(* Let $(P, T, h)$ be an acyclic sensor network and let $P_{\chi}$ be a $\chi$-minimal model of $P$. Let $\widetilde{P}_{\chi} = \{x \in P_{\chi} \mid h(x) \ge 1\}$ with the order induced from $P$. Then \[ \int_{\widetilde{P}_{\chi}} h|_{\widetilde{P}_{\chi}} \, d\chi = \int_{P} h \, d\chi . \]
   Context: For a finite poset $P$, the zeta function is the $P \times P$ matrix with $\zeta(x,y)=1$ if $x \le y$ and $0$ otherwise; it is invertible, and the Euler characteristic is $\chi(P) = \sum_{x,y} \zeta^{-1}(x,y)$ ($\chi(\emptyset)=0$). A filter is an upward-closed subset; $\delta_S$ is the indicator function of $S$. Every $g : P \to \mathbb{Z}$ can be written as $g = \sum_i a_i \delta_{S_i}$ with $a_i \in \mathbb{Z}$ and $S_i$ filters; the Euler calculus is $\int_P g\, d\chi = \sum_i a_i \chi(S_i)$, independent of the representation; for a subposet $S$, $\int_S g|_S\, d\chi$ is computed in the poset $S$. A point $x$ of a finite poset $R$ is a $\chi$-point if $\chi(R_{>x}) = 1$, where $R_{>x} = \{y \in R \mid y > x\}$. A $\chi$-minimal model of $P$ is a subposet obtained from $P$ by repeatedly removing one point that is a $\chi$-point of the current subposet, until no $\chi$-points remain. An acyclic sensor network $(P,T,h)$ consists of a finite poset $P$, a finite set $T$ of targets, which are points of the Hasse diagram of $P$ viewed as a one-dimensional simplicial complex (each target lies at a node or in the interior of an edge), and the counting function $h : P \to \mathbb{Z}_{\ge 0}$, where $h(x)$ is the number of targets lying in the part of the Hasse diagram spanned by the prime ideal $P_{\le x} = \{y \in P \mid y \le x\}$ (i.e. at nodes of $P_{\le x}$ or on edges between nodes of $P_{\le x}$). *)

theory Defs
  imports Complex_Main
begin

text \<open>A finite poset is a finite carrier set P of elements of an ordered type,
  with the induced order; subposets are subsets with the induced order.\<close>

definition zeta :: "'a::order \<Rightarrow> 'a \<Rightarrow> int" where
  "zeta x y = (if x \<le> y then 1 else 0)"

definition zeta_inv :: "'a::order set \<Rightarrow> 'a \<Rightarrow> 'a \<Rightarrow> int" where
  "zeta_inv S = (THE m.
      (\<forall>x y. (x \<notin> S \<or> y \<notin> S) \<longrightarrow> m x y = 0) \<and>
      (\<forall>x\<in>S. \<forall>y\<in>S. (\<Sum>z\<in>S. zeta x z * m z y) = (if x = y then 1 else 0)) \<and>
      (\<forall>x\<in>S. \<forall>y\<in>S. (\<Sum>z\<in>S. m x z * zeta z y) = (if x = y then 1 else 0)))"

definition euler_char :: "'a::order set \<Rightarrow> int" where
  "euler_char S = (\<Sum>x\<in>S. \<Sum>y\<in>S. zeta_inv S x y)"

definition is_upset :: "'a::order set \<Rightarrow> 'a set \<Rightarrow> bool" where
  "is_upset P S \<longleftrightarrow> S \<subseteq> P \<and> (\<forall>x\<in>S. \<forall>y\<in>P. x \<le> y \<longrightarrow> y \<in> S)"

definition indic :: "'a set \<Rightarrow> 'a \<Rightarrow> int" where
  "indic S x = (if x \<in> S then 1 else 0)"

definition euler_integral :: "'a::order set \<Rightarrow> ('a \<Rightarrow> int) \<Rightarrow> int" where
  "euler_integral P g = (THE c. \<exists>rep :: (int \<times> 'a set) list.
      (\<forall>(a, S) \<in> set rep. is_upset P S) \<and>
      (\<forall>x\<in>P. g x = (\<Sum>(a, S) \<leftarrow> rep. a * indic S x)) \<and>
      c = (\<Sum>(a, S) \<leftarrow> rep. a * euler_char S))"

..........

Reproduce, exactly and only, the lines running from the one with "(\<forall>x\<in>P. g x" to the end of the listing above.

SOLUTION =>
      (\<forall>x\<in>P. g x = (\<Sum>(a, S) \<leftarrow> rep. a * indic S x)) \<and>
      c = (\<Sum>(a, S) \<leftarrow> rep. a * euler_char S))"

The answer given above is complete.